Weight Outcomes for Nonsurgical Treatments
The participants in the LCD-GT group were more obese than those in the IT and GT groups at baseline (Table 2). Compliance was lower for IT than for GT and LCD-GT (p<0.001). This difference was attenuated when the analysis was restricted to males (IT: 68.3%; GT: 76.4%; LCD-GT: 77.1%; p=0.57). There was a mean weight regain of 3.7±0.7 kg during follow-up and the proportion of patients achieving a >5% loss of body weight decreased from 56.9 post-treatment to 48.1% at follow-up. Both weight loss and weight regain were unevenly distributed among NS alternatives (Table 2). LCD-GT was the most effective treatment, with 84.3% and 65.7% of the patients achieving >5% and >10% weight loss, respectively, followed by GT and IT, which were equally effective (p=0.35 when comparing weight loss at the service). At follow-up there was a 9.5±1.3 kg (p<0.001) weight regain in the LCD-GT group (Figure 2). Compared to baseline, LCD-GT was still the most effective NS alternative, eg. based on percent weight loss, with 56.7% and 41.8% maintaining >5% and >10% loss of body weight, respectively (Figure 2).

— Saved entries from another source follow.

(* In any execution of $\mathcal{U}$, for every operation $o$: if $h(o) = (t(o), NULL)$ at time $T$ and $o$ is not done at time $T' \geq T$, then $h(o) = (t(o), NULL)$ throughout the interval $[T, T']$.
   Context: Model: an asynchronous shared-memory system with possibly infinitely many processes, any of which may crash, communicating via atomic shared objects. A fetch-and-increment (F\&I) object stores an integer; F\&I$(C)$ atomically returns the current value and increments it. A generalized-compare-and-swap (GCAS) object $O$ stores a value and supports Read$(O)$ and GCAS$(c, O, v_1, v_2)$, which atomically does: if $c(\text{current value of } O, v_1)$ holds then set $O := v_2$ and return true, else return false. Tuples are compared componentwise for $=$; GCAS$(>, A, (t,-,-), v)$ succeeds iff the time field of $A$ is strictly greater than $t$. Implemented type $\mathcal{T} = (OP, RES, Q, \delta)$ with initial state $s_0$; a procedure $apply_{\mathcal{T}}(o,s)$ returns some $(s',r)$ with $(s,o,s',r)\in\delta$. $NULL$ is a value different from every response of $\mathcal{T}$, and $NOOP$ is a name different from every operation of $\mathcal{T}$. Algorithm $\mathcal{U}$: each process $p$ owns a GCAS object $H_p$ with fields $(time, response)$. Shared objects: F\&I object $C$, initially $1$; GCAS object $A$ with fields $(time, op, ptr)$, initially $(0, NOOP, h(NOOP))$, where $h(NOOP)$ is a pointer to an immutable location containing $(0,\perp)$; GCAS object $S$ with fields $(time, state, response, ptr)$, initially $(0, s_0, \perp, h(NOOP))$. Process $p$ performs operation $o$ by calling DoOp$(o)$: (1) DoOp$(o)$ invoked; (2) $t := $ F\&I$(C)$; (3) $H_p := (t, NULL)$; (4) while $H_p = (t, NULL)$ do: (5) $(t^*, s^*, r^*, roptr^* ) := S$; (6) GCAS$(=, *roptr^*, (t^*, NULL), (t^*, r^* ))$; (7) GCAS$(>, A, (t,-,-), (t, o, \&H_p))$; (8) $(t', o', roptr') := A$; (9) $(\hat t, \hat r) := *roptr'$; (10) if $(\hat t,\hat r) = (t', NULL)$ then (11) $(s', r') := apply_{\mathcal{T}}(o', s^* )$; (12) GCAS$(=, S, (t^*,s^*,r^*,roptr^* ), (t', s', r', roptr'))$; (13) else GCAS$(=, A, (t', o', roptr'), (t, o, \&H_p))$; end while; (14) return $H_p.response$. Notation: an "operation" $o$ means one invocation of DoOp$(o)$. $p(o)$ is the process executing it; $t(o)$ is the value returned by its F\&I at line 2, or $\infty$ if line 2 has not been executed; $h(o)$ is $H_{p(o)}$. Operation $o$ is done at time $T$ if at some time $T'\le T$, $h(o) = (t(o), r)$ with $r \neq NULL$. *)

theory Defs
  imports Main
begin

text \<open>Model of the asynchronous shared-memory algorithm U (universal construction
  from fetch-and-increment and generalized compare-and-swap).
  Type parameters: 'p processes (possibly infinitely many), 'o operations of the
  implemented type T, 's states of T, 'r responses of T.\<close>

datatype 'o opn = NOOP | Op 'o

text \<open>Response values stored in H and S: NULL and Bot (the initial placeholder)
  are distinct from every response of T.\<close>
datatype 'r rv = NULL | Bot | Resp 'r

text \<open>Pointers: h(NOOP) (immutable location containing (0,Bot)) or the address of H_p.\<close>
datatype 'p ptr = HNOOP | HPtr 'p

text \<open>Program counter: Idle (no operation in progress; next step invokes DoOp, line 1),
  L2 .. L14 = the next line to execute.\<close>
datatype pcv = Idle | L2 | L3 | L4 | L5 | L6 | L7 | L8 | L9 | L10 | L11 | L12 | L13 | L14

record ('p, 'o, 's, 'r) loc =
  lo :: 'o               \<comment> \<open>argument o of DoOp\<close>
  lt :: nat
  ts :: nat
  ss :: 's
  rs :: "'r rv"
  ps :: "'p ptr"
  t1 :: nat
  o1 :: "'o opn"
  p1 :: "'p ptr"
  th :: nat
  rh :: "'r rv"
  sn :: 's
  rn :: 'r

text \<open>Global configuration. ninv and tof are ghost (history) variables:
  ninv p = number of DoOp invocations started by p (the k-th invocation, k \<ge> 1, is
  the operation (p,k)); tof p k = Some t iff operation (p,k) has executed line 2 and
  its F&I returned t (i.e. t(o) = t), None iff t(o) = \<infinity>.\<close>
record ('p, 'o, 's, 'r) conf =
  Cv :: nat
  Av :: "nat \<times> 'o opn \<times> 'p ptr"
  Sv :: "nat \<times> 's \<times> 'r rv \<times> 'p ptr"
  Hv :: "'p \<Rightarrow> nat \<times> 'r rv"
  pc :: "'p \<Rightarrow> pcv"
  lv :: "'p \<Rightarrow> ('p, 'o, 's, 'r) loc"
  ninv :: "'p \<Rightarrow> nat"
  tof :: "'p \<Rightarrow> nat \<Rightarrow> nat option"

definition init_conf :: "'s \<Rightarrow> ('p, 'o, 's, 'r) conf" where
  "init_conf s0 = \<lparr> Cv = 1, Av = (0, NOOP, HNOOP), Sv = (0, s0, Bot, HNOOP),
     Hv = (\<lambda>_. (0, Bot)), pc = (\<lambda>_. Idle), lv = (\<lambda>_. undefined),
     ninv = (\<lambda>_. 0), tof = (\<lambda>_ _. None) \<rparr>"

fun deref :: "('p, 'o, 's, 'r) conf \<Rightarrow> 'p ptr \<Rightarrow> nat \<times> 'r rv" where
  "deref c HNOOP = (0, Bot)"
| "deref c (HPtr q) = Hv c q"

definition goto :: "'p \<Rightarrow> pcv \<Rightarrow> ('p, 'o, 's, 'r) conf \<Rightarrow> ('p, 'o, 's, 'r) conf" where
  "goto p l c = c\<lparr>pc := (pc c)(p := l)\<rparr>"

definition setl :: "'p \<Rightarrow> (('p, 'o, 's, 'r) loc \<Rightarrow> ('p, 'o, 's, 'r) loc)
    \<Rightarrow> ('p, 'o, 's, 'r) conf \<Rightarrow> ('p, 'o, 's, 'r) conf" where
  "setl p f c = c\<lparr>lv := (lv c)(p := f (lv c p))\<rparr>"

text \<open>One atomic step of process p (executing one line). delta is the transition
  relation of T, a set of tuples (s, o, s', r).\<close>
inductive step :: "('s \<times> 'o \<times> 's \<times> 'r) set \<Rightarrow> 'p \<Rightarrow>
    ('p, 'o, 's, 'r) conf \<Rightarrow> ('p, 'o, 's, 'r) conf \<Rightarrow> bool"
  for \<delta> :: "('s \<times> 'o \<times> 's \<times> 'r) set" and p :: 'p where
  line1: "pc c p = Idle \<Longrightarrow>
     step \<delta> p c (goto p L2 (setl p (\<lambda>l. l\<lparr>lo := op1\<rparr>) (c\<lparr>ninv := (ninv c)(p := Suc (ninv c p))\<rparr>)))"
| line2: "pc c p = L2 \<Longrightarrow>
     step \<delta> p c (goto p L3 (setl p (\<lambda>l. l\<lparr>lt := Cv c\<rparr>)
        (c\<lparr>Cv := Suc (Cv c), tof := (tof c)(p := (tof c p)(ninv c p := Some (Cv c)))\<rparr>)))"
| line3: "pc c p = L3 \<Longrightarrow>
     step \<delta> p c (goto p L4 (c\<lparr>Hv := (Hv c)(p := (lt (lv c p), NULL))\<rparr>))"
| line4_loop: "pc c p = L4 \<Longrightarrow> Hv c p = (lt (lv c p), NULL) \<Longrightarrow> step \<delta> p c (goto p L5 c)"
| line4_exit: "pc c p = L4 \<Longrightarrow> Hv c p \<noteq> (lt (lv c p), NULL) \<Longrightarrow> step \<delta> p c (goto p L14 c)"
| line5: "pc c p = L5 \<Longrightarrow> Sv c = (a, b, d, e) \<Longrightarrow>
     step \<delta> p c (goto p L6 (setl p (\<lambda>l. l\<lparr>ts := a, ss := b, rs := d, ps := e\<rparr>) c))"
| line6_succ: "pc c p = L6 \<Longrightarrow> ps (lv c p) = HPtr q \<Longrightarrow> Hv c q = (ts (lv c p), NULL) \<Longrightarrow>
     step \<delta> p c (goto p L7 (c\<lparr>Hv := (Hv c)(q := (ts (lv c p), rs (lv c p)))\<rparr>))"
| line6_fail: "pc c p = L6 \<Longrightarrow> deref c (ps (lv c p)) \<noteq> (ts (lv c p), NULL) \<Longrightarrow>
     step \<delta> p c (goto p L7 c)"
| line7_succ: "pc c p = L7 \<Longrightarrow> fst (Av c) > lt (lv c p) \<Longrightarrow>
     step \<delta> p c (goto p L8 (c\<lparr>Av := (lt (lv c p), Op (lo (lv c p)), HPtr p)\<rparr>))"
| line7_fail: "pc c p = L7 \<Longrightarrow> \<not> fst (Av c) > lt (lv c p) \<Longrightarrow> step \<delta> p c (goto p L8 c)"
| line8: "pc c p = L8 \<Longrightarrow> Av c = (a, b, e) \<Longrightarrow>
     step \<delta> p c (goto p L9 (setl p (\<lambda>l. l\<lparr>t1 := a, o1 := b, p1 := e\<rparr>) c))"
| line9: "pc c p = L9 \<Longrightarrow> deref c (p1 (lv c p)) = (a, d) \<Longrightarrow>
     step \<delta> p c (goto p L10 (setl p (\<lambda>l. l\<lparr>th := a, rh := d\<rparr>) c))"
| line10_then: "pc c p = L10 \<Longrightarrow> (th (lv c p), rh (lv c p)) = (t1 (lv c p), NULL) \<Longrightarrow>
     step \<delta> p c (goto p L11 c)"
| line10_else: "pc c p = L10 \<Longrightarrow> (th (lv c p), rh (lv c p)) \<noteq> (t1 (lv c p), NULL) \<Longrightarrow>
     step \<delta> p c (goto p L13 c)"
| line11: "pc c p = L11 \<Longrightarrow> o1 (lv c p) = Op x \<Longrightarrow> (ss (lv c p), x, s', r') \<in> \<delta> \<Longrightarrow>
     step \<delta> p c (goto p L12 (setl p (\<lambda>l. l\<lparr>sn := s', rn := r'\<rparr>) c))"
| line12_succ: "pc c p = L12 \<Longrightarrow> Sv c = (ts (lv c p), ss (lv c p), rs (lv c p), ps (lv c p)) \<Longrightarrow>
     step \<delta> p c (goto p L4 (c\<lparr>Sv := (t1 (lv c p), sn (lv c p), Resp (rn (lv c p)), p1 (lv c p))\<rparr>))"
| line12_fail: "pc c p = L12 \<Longrightarrow> Sv c \<noteq> (ts (lv c p), ss (lv c p), rs (lv c p), ps (lv c p)) \<Longrightarrow>
     step \<delta> p c (goto p L4 c)"
| line13_succ: "pc c p = L13 \<Longrightarrow> Av c = (t1 (lv c p), o1 (lv c p), p1 (lv c p)) \<Longrightarrow>
     step \<delta> p c (goto p L4 (c\<lparr>Av := (lt (lv c p), Op (lo (lv c p)), HPtr p)\<rparr>))"
| line13_fail: "pc c p = L13 \<Longrightarrow> Av c \<noteq> (t1 (lv c p), o1 (lv c p), p1 (lv c p)) \<Longrightarrow>
     step \<delta> p c (goto p L4 c)"
| line14: "pc c p = L14 \<Longrightarrow> step \<delta> p c (goto p Idle c)"

text \<open>An execution: an infinite sequence of configurations indexed by time, starting
  in the initial configuration; at each time either nothing happens (stuttering, which
  also models crashed / slow processes and finite executions) or one process takes
  one atomic step.\<close>
definition execution :: "('s \<times> 'o \<times> 's \<times> 'r) set \<Rightarrow> 's \<Rightarrow>
    (nat \<Rightarrow> ('p, 'o, 's, 'r) conf) \<Rightarrow> bool" where
  "execution \<delta> s0 ex \<longleftrightarrow> ex 0 = init_conf s0 \<and>
     (\<forall>i. ex (Suc i) = ex i \<or> (\<exists>p. step \<delta> p (ex i) (ex (Suc i))))"

definition op_done :: "(nat \<Rightarrow> ('p, 'o, 's, 'r) conf) \<Rightarrow> 'p \<Rightarrow> nat \<Rightarrow> nat \<Rightarrow> bool" where
  "op_done ex p k T \<longleftrightarrow>
     (\<exists>T'\<le>T. \<exists>t r. tof (ex T') p k = Some t \<and> Hv (ex T') p = (t, r) \<and> r \<noteq> NULL)"

end

theory Submission imports Defs begin

text \<open>While H_p holds (t, NULL), process p is inside its while loop with local t, so p
  itself never writes H_p. Any other process can only write H_p at line 6, and it
  copies a response read from S, which is never NULL; the time field stays t. Hence
  H_p keeps the form (t, _), and once the response becomes non-NULL the operation is
  done. The ticket t(o) itself never changes once assigned, because line 2 only
  writes the slot of the current, still unticketed invocation.\<close>

definition responses_non_null :: "('p, 'o, 's, 'r) conf \<Rightarrow> bool" where
  "responses_non_null c \<longleftrightarrow>
     fst (snd (snd (Sv c))) \<noteq> NULL \<and> (\<forall>q. pc c q = L6 \<longrightarrow> rs (lv c q) \<noteq> NULL)"

definition pending_in_loop :: "('p, 'o, 's, 'r) conf \<Rightarrow> bool" where
  "pending_in_loop c \<longleftrightarrow> (\<forall>q. snd (Hv c q) = NULL \<longrightarrow>
     pc c q \<notin> {Idle, L2, L3, L14} \<and> fst (Hv c q) = lt (lv c q))"

definition fresh_ticket_slots :: "('p, 'o, 's, 'r) conf \<Rightarrow> bool" where
  "fresh_ticket_slots c \<longleftrightarrow> (\<forall>q j.
     ninv c q < j \<or> (j = ninv c q \<and> pc c q = L2) \<longrightarrow> tof c q j = None)"

lemma execution_invariant:
  assumes "execution \<delta> s0 ex"
    and "I (init_conf s0)"
    and "\<And>q c c'. step \<delta> q c c' \<Longrightarrow> I c \<Longrightarrow> I c'"
  shows "I (ex i)"
proof (induction i)
  case 0
  then show ?case using assms(1,2) by (simp add: execution_def)
next
  case (Suc i)
  then show ?case using assms(1,3) unfolding execution_def by metis
qed

lemma step_responses_non_null:
  "step \<delta> q c c' \<Longrightarrow> responses_non_null c \<Longrightarrow> responses_non_null c'"
  by (induction rule: step.induct) (auto simp: responses_non_null_def goto_def setl_def)

lemma step_pending_in_loop:
  "step \<delta> q c c' \<Longrightarrow> responses_non_null c \<Longrightarrow> pending_in_loop c \<Longrightarrow> pending_in_loop c'"
proof (induction rule: step.induct)
  case (line4_exit c)
  then show ?case by (auto simp: pending_in_loop_def goto_def) (metis prod.collapse)
qed (auto simp: responses_non_null_def pending_in_loop_def goto_def setl_def)

lemma step_fresh_ticket_slots:
  "step \<delta> q c c' \<Longrightarrow> fresh_ticket_slots c \<Longrightarrow> fresh_ticket_slots c'"
  by (induction rule: step.induct) (auto simp: fresh_ticket_slots_def goto_def setl_def)

lemma execution_invariants:
  assumes "execution \<delta> s0 ex"
  shows "responses_non_null (ex i) \<and> pending_in_loop (ex i) \<and> fresh_ticket_slots (ex i)"
  using assms
proof (rule execution_invariant)
  show "responses_non_null (init_conf s0) \<and> pending_in_loop (init_conf s0) \<and>
      fresh_ticket_slots (init_conf s0)"
    by (simp add: init_conf_def responses_non_null_def pending_in_loop_def fresh_ticket_slots_def)
qed (metis step_responses_non_null step_pending_in_loop step_fresh_ticket_slots)

lemma step_preserves_ticket:
  "step \<delta> q c c' \<Longrightarrow> fresh_ticket_slots c \<Longrightarrow> tof c p k = Some t \<Longrightarrow> tof c' p k = Some t"
  by (induction rule: step.induct) (auto simp: fresh_ticket_slots_def goto_def setl_def)

lemma step_preserves_pending_time:
  "step \<delta> q c c' \<Longrightarrow> pending_in_loop c \<Longrightarrow> Hv c p = (t, NULL) \<Longrightarrow> fst (Hv c' p) = t"
  by (induction rule: step.induct) (auto simp: pending_in_loop_def goto_def setl_def)

lemma execution_preserves_pending_ticket:
  assumes "execution \<delta> s0 ex"
    and "tof (ex i) p k = Some t"
    and "Hv (ex i) p = (t, NULL)"
  shows "tof (ex (Suc i)) p k = Some t \<and> fst (Hv (ex (Suc i)) p) = t"
proof -
  have inv: "pending_in_loop (ex i)" "fresh_ticket_slots (ex i)"
    using execution_invariants[OF assms(1)] by blast+
  from assms(1) consider "ex (Suc i) = ex i" | q where "step \<delta> q (ex i) (ex (Suc i))"
    unfolding execution_def by blast
  then show ?thesis
  proof cases
    case 1
    then show ?thesis using assms(2,3) by simp
  next
    case (2 q)
    then show ?thesis
      using step_preserves_ticket[OF 2 inv(2) assms(2)]
        step_preserves_pending_time[OF 2 inv(1) assms(3)] by blast
  qed
qed

theorem mainTheorem8:
  fixes \<delta> :: "('s \<times> 'o \<times> 's \<times> 'r) set" and s0 :: 's
    and ex :: "nat \<Rightarrow> ('p, 'o, 's, 'r) conf"
    and p :: 'p and k t T T' :: nat
  assumes "execution \<delta> s0 ex"
    and "T \<le> T'"
    and "tof (ex T) p k = Some t"
    and "Hv (ex T) p = (t, NULL)"
    and "\<not> op_done ex p k T'"
  shows "\<forall>U. T \<le> U \<and> U \<le> T' \<longrightarrow> Hv (ex U) p = (t, NULL)"
proof (intro allI impI, elim conjE)
  fix U assume "T \<le> U" "U \<le> T'"
  then have "tof (ex U) p k = Some t \<and> Hv (ex U) p = (t, NULL)"
  proof (induction U rule: dec_induct)
    case base
    then show ?case using assms(3,4) by simp
  next
    case (step n)
    then have "tof (ex (Suc n)) p k = Some t" "fst (Hv (ex (Suc n)) p) = t"
      using execution_preserves_pending_ticket[OF assms(1)] by auto
    moreover have "snd (Hv (ex (Suc n)) p) = NULL"
      using assms(5) step.prems calculation unfolding op_done_def by (metis prod.collapse)
    ultimately show ?case by (simp add: prod_eq_iff)
  qed
  then show "Hv (ex U) p = (t, NULL)" by simp
qed

end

Remission and Incidence of Type 2 Diabetes
Weight loss in subjects with baseline T2D was comparable to that in subjects without T2D for all the treatment alternatives (data not shown). Subjects with baseline T2D receiving NS were older than those without diabetes (52.4±1.0 vs 43.8±0.6 years, p<0.001) and maintained their weight loss to follow-up (Table 3), while subjects without T2D regained some weight (from BMI 37.3±0.3 to 38.7±0.4 kg/m2, p<0.001).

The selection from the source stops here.